Room for Creativity

by Mary Jo Bowling

One of the most important spaces in a home is where you can pursue simple pleasures like arranging flowers, working with wood, or developing craft projects. Such an area need not be large--even a small closet will suffice if it's well designed. Here are some ideas to get you started on your own project room.

Flowers in the laundry

Jann Jaffe made a big career change, and as a result, she changed her house. When the Santa Barbara woman gave up her film production career, she started working with flowers. Her laundry room doubles as a floral project room, with all the counter space, water, and outdoor access she needs. Working around the washer and dryer, Jaffe created two work centers: a wet area and a dry area.

DESIGN: Jann Jaffe, Garden Lane Floral, Santa Barbara (805/969-7769)


* Recycled containers are used for storage--strawberry boxes hold notepaper, and French flower buckets store rolls of wrapping paper. Later, either can be used to hold flower arrangements.

* The wet area has a sink surrounded by a zinc countertop. It's perfect for cutting and arranging flowers or repotting houseplants.

* The dry area uses wall-hung shelves for tissue paper, ribbon, wrap, and more countertops.

Tips for creating your own project room

1. Light. Make sure you have good lighting, both natural and electric.

2. Work surface. You will need a sturdy work surface at a height appropriate for your project. To determine size and material, ask yourself if you will be standing or sitting, if the projects are wet or dry, and if you need a cutting surface.

3. Storage. Take a look at your tools and materials. Their number and size will determine how many shelves you need and how tall they should be.

4. Utilities. Evaluate your water and electricity needs. Jaffe says she wishes she had put electric outlets all around her workspace.

Craft closet

This 2- by 5-foot family room closet has been reborn as a craft center. It's outfitted with clever, clearly labeled cabinetry to organize supplies. The best part? "You can close the doors during a project, and no one will see the mess," says Birns.

DESIGN: Laura Birns Design, Del Mar, CA (


* Doors backed with dowels hold rolls of wrapping paper.

* Shelves and cabinets are easy-to-clean white laminate--an advantage in an area where materials like paint and glue are used.

* A 2-foot-long extension pulls out for more Space.

* A drawer contains a wastebasket and extra storage space.

* Recessed can lights-two inside the former closet and a third over the adjoining space--brighten work surfaces.

Parents' retreat

Geoff Holton and Margaret Norman have big hobbies and a small house. Their activities--he likes woodworking, she makes pottery--call for a lot of large, noisy tools best used away from the house. So they designed a shared backyard workspace containing a woodworking shop on one side and a pottery studio on the other.

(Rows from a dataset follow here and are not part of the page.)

lemma invertible_mat_if_inj_linear_kernel:
  assumes G: "G \<in> carrier_mat l l" and inj: "inj_on (linear_kernel G) (carrier_vec l)"
  shows "invertible_mat G"
proof -
  have "det (transpose_mat G) \<noteq> 0"
  proof
    assume "det (transpose_mat G) = 0"
    then obtain v where v: "v \<in> carrier_vec l" "v \<noteq> 0\<^sub>v l" "transpose_mat G *\<^sub>v v = 0\<^sub>v l"
      using det_0_iff_vec_prod_zero_field[of "transpose_mat G" l] G by auto
    moreover have "linear_kernel G (0\<^sub>v l) = 0\<^sub>v l"
      using G by (intro eq_vecI) (simp_all add: linear_kernel_def)
    ultimately have "linear_kernel G v = linear_kernel G (0\<^sub>v l)"
      using G by (simp add: linear_kernel_eq_transpose_mult)
    with inj v(1,2) show False
      by (meson inj_onD zero_carrier_vec)
  qed
  then have "det G \<noteq> 0"
    using G by (simp add: det_transpose)
  then obtain B where "B \<in> carrier_mat l l" "B * G = 1\<^sub>m l" "G * B = 1\<^sub>m l"
    using det_non_zero_imp_unit[OF G, of "()"] by (auto simp: Units_def ring_mat_def)
  with G show ?thesis
    by (auto simp: invertible_mat_def inverts_mat_def)
qed

lemma is_kernel_linear_kernel:
  assumes "G \<in> carrier_mat l l" "inj_on (linear_kernel G) (carrier_vec l)"
  shows "is_kernel l (linear_kernel G)"
proof -
  have "linear_kernel G ` carrier_vec l \<subseteq> carrier_vec l"
    using assms(1) by (auto intro: carrier_vecI)
  then have "linear_kernel G ` carrier_vec l = carrier_vec l"
    using endo_inj_surj[OF finite_carrier_vec_bit] assms(2) by blast
  with assms(2) show ?thesis
    by (simp add: is_kernel_def bij_betw_def)
qed

lemma partial_distance_restrict:
  assumes "i < l"
  shows "partial_distance l (restrict g (carrier_vec l)) i = partial_distance l g i"
proof -
  have "restrict g (carrier_vec l) (w @\<^sub>v vCons b u) = g (w @\<^sub>v vCons b u)"
    if "w \<in> carrier_vec i" "u \<in> carrier_vec (l - i - 1)" for w u :: "bit vec" and b :: bit
    using that assms by (intro restrict_apply' carrier_vecI) auto
  then show ?thesis
    unfolding partial_distance_def by (simp cong: rev_conj_cong)
qed

lemma kernel_exponent_le_max_exponent:
  assumes "is_kernel l g"
  shows "kernel_exponent l g \<le> max_exponent l"
proof -
  let ?C = "carrier_vec l :: bit vec set"
  \<comment> \<open>exponents only depend on the restriction to the finite carrier, so only finitely many occur\<close>
  have "{kernel_exponent l g | g. is_kernel l g} \<subseteq> kernel_exponent l ` (?C \<rightarrow>\<^sub>E ?C)"
  proof
    fix e
    assume "e \<in> {kernel_exponent l g | g. is_kernel l g}"
    then obtain g where "e = kernel_exponent l g" "is_kernel l g"
      by blast
    moreover have "kernel_exponent l (restrict g ?C) = kernel_exponent l g"
      by (simp add: kernel_exponent_def partial_distance_restrict)
    moreover have "restrict g ?C \<in> ?C \<rightarrow>\<^sub>E ?C"
      using \<open>is_kernel l g\<close> by (auto simp: is_kernel_def bij_betw_def)
    ultimately show "e \<in> kernel_exponent l ` (?C \<rightarrow>\<^sub>E ?C)"
      by (metis image_eqI)
  qed
  moreover have "finite (?C \<rightarrow>\<^sub>E ?C)"
    by (simp add: finite_PiE finite_carrier_vec_bit)
  ultimately have "finite {kernel_exponent l g | g. is_kernel l g}"
    using finite_surj by blast
  with assms show ?thesis
    unfolding max_exponent_def by (intro Max_ge) blast+
qed

section \<open>The 19 \<times> 19 kernel\<close>

definition generator_rows :: "bit list list" where
  "generator_rows = [[0,0,0,0,0,0,0,0,0,0,0,0,0,1,0,0,0,0,0],
  [0,0,0,1,0,0,0,0,0,0,0,1,0,0,0,0,0,0,0],
  [0,0,0,0,0,0,1,0,0,0,0,1,0,0,0,0,0,0,0],
  [0,0,0,0,0,0,0,0,0,0,0,0,0,0,0,0,0,1,1],
  [0,1,0,0,0,0,0,0,0,0,0,0,0,0,1,0,0,0,0],
  [0,0,1,0,0,0,0,0,0,0,0,0,1,0,0,0,0,0,0],
  [0,0,1,0,1,0,1,0,0,1,0,0,0,0,0,0,0,0,0],
  [0,0,0,0,0,1,0,1,0,1,0,0,1,0,0,0,0,0,0],
  [0,0,0,0,1,1,0,0,0,0,0,0,1,1,0,0,0,0,0],
  [0,0,0,0,0,0,1,0,0,0,1,0,0,0,0,1,0,0,1],
  [0,1,0,0,0,0,1,1,0,0,0,0,0,0,0,0,0,1,0],
  [0,0,0,0,1,0,0,1,0,0,0,1,1,0,0,0,1,0,1],
  [0,0,1,1,0,0,1,1,0,1,1,0,0,0,0,0,0,1,1],
  [0,1,0,1,0,1,0,1,1,0,1,0,0,0,0,0,1,1,0],
  [1,1,0,1,1,0,0,0,0,1,0,0,0,1,1,1,0,0,0],
  [1,1,1,1,0,1,0,0,0,0,0,0,0,0,1,0,0,1,1],
  [1,0,0,1,1,1,0,1,0,1,0,1,0,0,0,0,0,1,0],
  [1,0,0,1,0,1,0,1,0,0,0,0,1,0,1,1,1,0,0],
  [1,1,0,1,1,0,1,0,1,1,1,1,1,1,1,1,1,1,1]]"

definition generator :: "bit mat" where
  "generator = mat_of_rows_list 19 generator_rows"

definition distance_profile :: "nat list" where
  "distance_profile = [1,2,2,2,2,2,4,4,4,4,4,6,8,8,8,8,8,8,16]"

definition pivot_checks :: "bit list list" where
  "pivot_checks = [replicate 19 1,
  [0,0,1,1,0,0,0,0,1,1,1,0,1,1,0,1,1,0,0],
  [1,1,1,0,1,0,0,1,0,0,0,1,1,0,1,0,0,0,0],
  [1,0,0,0,1,0,1,0,1,0,0,1,0,1,0,1,0,1,0],
  [1,1,1,1,1,0,1,0,0,1,0,0,1,0,0,1,0,0,0],
  [1,0,0,0,0,1,1,1,1,1,1,0,1,0,0,0,0,0,0],
  [0,0,1,1,0,0,1,1,1,1,1,1,0,0,0,0,0,0,0],
  [1,0,1,1,1,1,1,1,0,1,1,0,0,0,0,0,0,0,0],
  [1,1,0,0,1,0,0,1,0,1,0,0,0,0,0,0,0,0,0],
  [0,1,1,0,0,0,1,0,1,0,0,0,0,1,0,0,0,0,0],
  [1,0,0,1,0,0,1,0,1,0,0,0,0,0,0,0,0,0,0]]"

The space has become especially important with the arrival of their son. "With the baby, there's no way I could have a studio away from home," says Norman. "I can take my baby monitor in there when he's sleeping, and a window lets me see the yard and patio and keep an eye on him when he's playing." Holton, an architect, adds: "We needed a place to be creative. Of course, I get to be creative in my work, but that comes with deadlines. At home, I'm free of that. This is the happiest room in our house."

DESIGN: Geoff Holton and Margaret Norman, Geoffrey Holton & Associates, Oakland (510/663-9797)


* The wood shop opens to the patio through a large glass door that slides on barn door hardware.

* The studio overlooks the yard through a window.

* A wall of fiberglass panels separates the workspaces, which allows the couple to share natural light, while maintaining privacy and providing a "dust barrier" between table saws and wet clay.